Similarly, for cases with very strong data, the prior curvature at the mode might not be appropriate for describing the posterior geometry of the hyperparameters, if e.g. there is very strong correlation structure in the hyperparameters. It would be interesting to see what sampling would be like in such a case.

A minor gripe about the abstract - this isn’t really a new integrator but rather a clever way of defining the metrics and overall Hamiltonian such that the standard leapfrog integrator can be employed for both parameters and hyperparameters in a combined manner. I would therefore suggest a change from “This structure is exploited by a new integrator which we call the alternating blockwise leapfrog algorithm.” to “This structure is exploited by a new algorithm which we call the alternating blockwise leapfrog algorithm.”

Minor typos:

Page 2, 102, Girolami et al. to Girolami and Calderhead
Page 7, 341 RHMC to RMHMC
A novel RMHMC approach that allows efficient Bayesian inference over certain classes of hierarchical models.

Submitted by Assigned_Reviewer_15

Q1: Comments to author(s). First provide a summary of the paper, and then address the following criteria: Quality, clarity, originality and significance. (For detailed reviewing guidelines, see http://nips.cc/PaperInformation/ReviewerInstructions)
This paper proposes a way to speed up Hamiltonian Monte Carlo (HMC) sampling for hierarchical models. It is similar in spirit to RMHMC, in which the mass matrix varies according to local topology, except that here the mass matrices for each parameter type (parameter or hyperparameter) only depend on their counterpart, which allows an explicit leapfrog integrator to be used to simulate dynamics rather than an implicit integrator requiring fixed-point iteration to convergence for each step.
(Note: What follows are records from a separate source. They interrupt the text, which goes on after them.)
lemma deg_less_if_top_coeff_eq_0:
  assumes "degree p \<le> k" "coeff p k = 0"
  shows "deg p < int k"
  using assms unfolding deg_less_iff by (metis leading_coeff_0_iff le_neq_implies_less)

lemma degree_mult_lin_le:
  fixes p :: "'a::comm_semiring_0 poly"
  shows "degree ([:b, a:] * p) \<le> degree p + 1"
proof -
  have "degree [:b, a:] \<le> 1" by simp
  then show ?thesis using degree_mult_le[of "[:b, a:]" p] by linarith
qed

lemma degree_pderiv_mult_lin_le:
  fixes A :: "'a::{idom,ring_char_0} poly"
  shows "degree (pderiv A * [:b, a:]) \<le> degree A"
proof (cases "degree A")
  case 0
  then have "pderiv A = 0" by (simp only: pderiv_eq_0_iff)
  then show ?thesis by simp
next
  case (Suc j)
  then show ?thesis
    using degree_mult_lin_le[of b a "pderiv A"] by (simp add: degree_pderiv mult.commute)
qed

lemma coeff_pderiv_mult_lin:
  fixes A :: "'a::{idom,ring_char_0} poly"
  assumes "degree A \<le> j"
  shows "coeff (pderiv A * [:b, a:]) j = a * of_nat j * coeff A j"
proof (cases j)
  case 0
  then have "coeff A 1 = 0" using assms by (simp add: coeff_eq_0)
  then show ?thesis using 0 by (simp add: mult.commute[of _ "[:b, a:]"] coeff_pderiv)
next
  case (Suc i)
  then have "coeff A (Suc (Suc i)) = 0" using assms by (simp add: coeff_eq_0)
  then show ?thesis using Suc
    by (simp add: mult.commute[of _ "[:b, a:]"] coeff_pderiv algebra_simps)
qed

lemma deg_deriv_coeff_less:
  assumes "deg A < int k"
  shows "deg (pderiv A * [:b, a:] + smult c A) < int k"
proof -
  have "degree (pderiv A * [:b, a:] + smult c A) \<le> degree A"
    using degree_pderiv_mult_lin_le degree_smult_le by (rule degree_add_le)
  then show ?thesis
    using assms unfolding deg_less_iff by auto
qed

lemma deg_rolle_coeff_less:
  assumes "deg A < int k"
  shows "deg ([:\<beta>, \<alpha>:] * (pderiv A * [:b, a:] + smult ((d + 1 - real k) * a) A)
      - smult (d * \<alpha>) (A * [:b, a:])) < int k"
proof (cases "A = 0")
  case False
  then obtain j where k: "k = Suc j" and A: "degree A \<le> j"
    using assms unfolding deg_less_iff by (cases k) auto
  define Q where "Q = pderiv A * [:b, a:] + smult ((d + 1 - real k) * a) A"
  have "deg Q < int k"
    unfolding Q_def by (rule deg_deriv_coeff_less[OF assms])
  then have Q: "degree Q \<le> j"
    unfolding deg_less_iff k by auto
  have "degree ([:\<beta>, \<alpha>:] * Q - smult (d * \<alpha>) (A * [:b, a:])) \<le> Suc j"
    using degree_mult_lin_le[of \<beta> \<alpha> Q] degree_mult_lin_le[of b a A] Q A
      degree_smult_le[of "d * \<alpha>" "A * [:b, a:]"]
    by (intro degree_diff_le) (auto simp: mult.commute)
  \<comment> \<open>Both products have top coefficient \<open>d * \<alpha> * a * coeff A j\<close>.\<close>
  moreover have "coeff ([:\<beta>, \<alpha>:] * Q - smult (d * \<alpha>) (A * [:b, a:])) (Suc j) = 0"
  proof -
    have "coeff Q (Suc j) = 0" "coeff A (Suc j) = 0"
      using Q A by (simp_all add: coeff_eq_0)
    moreover have "coeff Q j = a * real j * coeff A j + (d + 1 - real k) * a * coeff A j"
      unfolding Q_def using coeff_pderiv_mult_lin[OF A] by simp
    ultimately show ?thesis
      by (simp add: k mult.commute[of A] algebra_simps)
  qed
  ultimately show ?thesis
    unfolding Q_def k by (rule deg_less_if_top_coeff_eq_0)
qed (simp add: deg_def)

lemma deg_rolle_coeff_self_less:
  assumes "deg A < int k"
  shows "deg (pderiv A * [:\<beta>, \<alpha>:] - smult (real (k - 1) * \<alpha>) A) < int (k - 1)"
proof (cases "A = 0")
  case False
  then obtain j where k: "k = Suc j" and A: "degree A \<le> j"
    using assms unfolding deg_less_iff by (cases k) auto
  have "degree (pderiv A * [:\<beta>, \<alpha>:] - smult (real (k - 1) * \<alpha>) A) \<le> j"
    using degree_pderiv_mult_lin_le[of A \<beta> \<alpha>] degree_smult_le[of _ A] A
    by (intro degree_diff_le) auto
  moreover have "coeff (pderiv A * [:\<beta>, \<alpha>:] - smult (real (k - 1) * \<alpha>) A) j = 0"
    using coeff_pderiv_mult_lin[OF A] k by simp
  ultimately show ?thesis
    using k by (simp add: deg_less_if_top_coeff_eq_0)
qed (simp add: deg_def)

text \<open>
  \<open>deriv_coeffs\<close> and \<open>rolle_coeffs\<close> are the coefficients of \<open>f'\<close> and of \<open>(a\<^sub>j t + b\<^sub>j) f' - d a\<^sub>j f\<close>
  for \<open>f = poly_powr_sum n A a b m d\<close>, both written as sums of the same shape with \<open>d - 1\<close>
  in place of \<open>d\<close>.
\<close>

definition poly_powr_sum ::
    "nat \<Rightarrow> (nat \<Rightarrow> real poly) \<Rightarrow> (nat \<Rightarrow> real) \<Rightarrow> (nat \<Rightarrow> real) \<Rightarrow> (nat \<Rightarrow> nat) \<Rightarrow> real \<Rightarrow> real \<Rightarrow> real"
  where "poly_powr_sum n A a b m d t = (\<Sum>i<n. poly (A i) t * (a i * t + b i) powr (d + 1 - real (m i)))"

definition deriv_coeffs ::
    "(nat \<Rightarrow> real poly) \<Rightarrow> (nat \<Rightarrow> real) \<Rightarrow> (nat \<Rightarrow> real) \<Rightarrow> (nat \<Rightarrow> nat) \<Rightarrow> real \<Rightarrow> nat \<Rightarrow> real poly"
  where "deriv_coeffs A a b m d i = pderiv (A i) * [:b i, a i:] + smult ((d + 1 - real (m i)) * a i) (A i)"

fun higher_deriv_coeffs ::
    "(nat \<Rightarrow> real poly) \<Rightarrow> (nat \<Rightarrow> real) \<Rightarrow> (nat \<Rightarrow> real) \<Rightarrow> (nat \<Rightarrow> nat) \<Rightarrow> real \<Rightarrow> nat \<Rightarrow> nat \<Rightarrow> real poly"
  where
    "higher_deriv_coeffs A a b m d 0 = A"
  | "higher_deriv_coeffs A a b m d (Suc k) = deriv_coeffs (higher_deriv_coeffs A a b m d k) a b m (d - real k)"
(* Let $R=\mathbb{Z}[A^{\pm1}]$. Let $G_0\subseteq G_1\subseteq G_2\subseteq\cdots$ be sets with $G_\infty=\bigcup_{i\ge0}G_i$, and let $\mathcal{G}_n$ and $\mathcal{G}_\infty$ be the free $R$-modules with bases $G_n$ and $G_\infty$ (so $\mathcal{G}_n\subseteq\mathcal{G}_\infty$). Let $J_0\subseteq J_1\subseteq\cdots$ be subsets of $\mathcal{G}_\infty$ with $J_\infty=\bigcup_{i\ge0}J_i$, and let $\mathcal{J}_n,\mathcal{J}_\infty$ be the submodules of $\mathcal{G}_\infty$ generated by $J_n,J_\infty$. Suppose: (1) $\mathcal{J}_0\subseteq\mathcal{G}_0$; (2) there is a map $\eta:J_\infty\to G_\infty$ restricting to bijections $J_n\setminus J_{n-1}\to G_n\setminus G_{n-1}$ for all $n\ge1$; (3) for every $n\ge1$ and $r\in J_n\setminus J_{n-1}$ there exist a sign $\epsilon\in\{\pm1\}$, an integer $k$ and $g\in\mathcal{G}_{n-1}$ with $r=\epsilon A^k\eta(r)+g$. Then $\mathcal{G}_\infty/\mathcal{J}_\infty=\mathcal{G}_0/\mathcal{J}_0$, i.e. the natural map $\mathcal{G}_0/\mathcal{J}_0\to\mathcal{G}_\infty/\mathcal{J}_\infty$ is an isomorphism. *)

theory Defs
  imports Complex_Main "HOL-Library.Poly_Mapping"
begin

text \<open>The ring R = Z[A, A^-1] of integer Laurent polynomials, realised as the
  group ring of (int,+) over int: a finitely supported map k \<mapsto> coefficient of A^k.\<close>
type_synonym laurent = "int \<Rightarrow>\<^sub>0 int"

definition Apow :: "int \<Rightarrow> laurent" where
  "Apow k = Poly_Mapping.single k 1"

definition lscale :: "laurent \<Rightarrow> ('g \<Rightarrow>\<^sub>0 laurent) \<Rightarrow> ('g \<Rightarrow>\<^sub>0 laurent)" where
  "lscale r f = Poly_Mapping.map (\<lambda>c. r * c) f"

definition basisv :: "'g \<Rightarrow> ('g \<Rightarrow>\<^sub>0 laurent)" where
  "basisv g = Poly_Mapping.single g 1"

definition freemod :: "'g set \<Rightarrow> ('g \<Rightarrow>\<^sub>0 laurent) set" where
  "freemod S = {f. Poly_Mapping.keys f \<subseteq> S}"

definition rspan :: "('g \<Rightarrow>\<^sub>0 laurent) set \<Rightarrow> ('g \<Rightarrow>\<^sub>0 laurent) set" where
  "rspan J = module.span lscale J"

end

theory Submission
  imports Defs
begin

text \<open>Each new relation r in J(n+1) - J(n) has, up to a unit, the new generator \<eta> r as its
  only term outside G(n), and distinct relations have distinct new generators. Comparing
  coefficients at these generators, an element of the span of J(n+1) lying in the free module
  on G(n) can only involve the old relations J(n); by induction, relations of
  \<open>\<J>\<^sub>\<infinity>\<close> among elements of \<open>\<G>\<^sub>0\<close> already come from \<open>\<J>\<^sub>0\<close>. Conversely, each new relation
  expresses its new generator modulo \<open>\<J>\<^sub>\<infinity>\<close> as a combination of older generators, so by
  induction every generator is congruent to an element of \<open>\<G>\<^sub>0\<close>.\<close>

lemma lookup_lscale [simp]: "Poly_Mapping.lookup (lscale r f) x = r * Poly_Mapping.lookup f x"
  unfolding lscale_def by transfer (simp add: when_def)

lemma lookup_basisv [simp]: "Poly_Mapping.lookup (basisv a) b = (if b = a then 1 else 0)"
  unfolding basisv_def by (simp add: lookup_single when_def)

lemma keys_lscale: "Poly_Mapping.keys (lscale r f) \<subseteq> Poly_Mapping.keys f"
  by (auto simp: in_keys_iff)

interpretation lmod: module "lscale :: laurent \<Rightarrow> ('g \<Rightarrow>\<^sub>0 laurent) \<Rightarrow> _"
  by unfold_locales (auto intro!: poly_mapping_eqI simp: lookup_add algebra_simps)

lemma subspace_freemod: "lmod.subspace (freemod S)"
  unfolding lmod.subspace_def freemod_def
  by (auto dest!: subsetD[OF keys_add] subsetD[OF keys_lscale])

lemma freemod_mono: "S \<subseteq> T \<Longrightarrow> freemod S \<subseteq> freemod T"
  unfolding freemod_def by auto

lemma lookup_freemod_outside: "f \<in> freemod S \<Longrightarrow> a \<notin> S \<Longrightarrow> Poly_Mapping.lookup f a = 0"
  unfolding freemod_def by (auto simp: in_keys_iff)

lemma basisv_in_freemod: "a \<in> S \<Longrightarrow> basisv a \<in> freemod S"
  unfolding freemod_def basisv_def by simp

lemma freemod_eq_span_basisv: "freemod S = lmod.span (basisv ` S)"
proof
  show "freemod S \<subseteq> lmod.span (basisv ` S)"
  proof
    fix f assume f: "f \<in> freemod S"
    have "f = (\<Sum>a\<in>Poly_Mapping.keys f. lscale (Poly_Mapping.lookup f a) (basisv a))"
      by (rule poly_mapping_eqI)
        (simp add: lookup_sum in_keys_iff if_distrib[of "(*) _"] cong: if_cong)
    also have "\<dots> \<in> lmod.span (basisv ` S)"
      using f unfolding freemod_def
      by (intro lmod.span_sum lmod.span_scale lmod.span_base) auto
    finally show "f \<in> lmod.span (basisv ` S)" .
  qed
  show "lmod.span (basisv ` S) \<subseteq> freemod S"
    by (rule lmod.span_minimal[OF _ subspace_freemod]) (auto intro: basisv_in_freemod)
qed

lemma dvd_one_mult_eq_0:
  fixes u :: "'a :: comm_semiring_1"
  assumes "u dvd 1" "c * u = 0"
  shows "c = 0"
proof -
  from assms(1) obtain v where "1 = u * v" by (rule dvdE)
  then have "c = c * u * v" by (simp add: mult.assoc)
  with assms(2) show ?thesis by simp
qed

lemma signed_Apow_dvd_one: "\<epsilon> = 1 \<or> \<epsilon> = -1 \<Longrightarrow> of_int \<epsilon> * Apow k dvd 1"
proof
  assume "\<epsilon> = 1 \<or> \<epsilon> = -1"
  then have "of_int \<epsilon> * of_int \<epsilon> = (1 :: laurent)"
    by (auto simp flip: of_int_mult)
  then show "1 = of_int \<epsilon> * Apow k * (of_int \<epsilon> * Apow (-k))"
    by (simp add: Apow_def mult_single mult_ac)
qed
The authors point out that their method goes beyond straightforward Gibbs sampling with HMC within each Gibbs step since their method leaves the counterpart parameter's momentum intact.

As far as I am aware, the idea is novel. It is also quite interesting, it's presented very clearly and it has some convincing experiments.

Please fix typos and notational inconsistencies (I counted "ALBA" instead of "ABLA" 8 times!).
The paper presents a novel HMC method, applying tunable mass matrix ideas to hierarchical models without the fuss of implicit integration. It's simple but it seems to work well.

Submitted by Assigned_Reviewer_24

Q1: Comments to author(s). First provide a summary of the paper, and then address the following criteria: Quality, clarity, originality and significance. (For detailed reviewing guidelines, see http://nips.cc/PaperInformation/ReviewerInstructions)
This contribution suggests an approach to addressing the problem of poor mixing in hierarchic Bayesian models. The development of semi-separable RMHMC (ABLA) is the authors way to address the problem of poor mixing in hierarchic models as well as reducing the computational cost of a full blown RMHMC. The main innovation seems to be the choice of a block-diagonal mass matrix however I am a little unclear of the description of this structure as a FIM based mass matrix will have exactly this block diagonal structure as well. My understanding is that the term G_{\theta}(\phi, x) will be a function of *only* \phi and x and like wise for the other component. If I am correct then this looks to be quite an interesting construction for a mass matrix in addressing the correlation of the parameters and hyper-parameters in a hierarchic model. Eveyrthing will decouple as described and if further the mass matrices are fixed then standard Verlet type integrators will suffice providing a computational saving over implicit integrators - at the expense of non-adaptive mixing. The description in 4.3 is nice and intuitive and describes how the suggested mass matrix will be useful for hierarchic models. The reported results illustrate well the improved sampling of the parameters further up in the hierarchy. One wonders then if the suggested block diagonal mass matrix is plugged into RMHMC with adaptive mass for low and high level variables how it would perform?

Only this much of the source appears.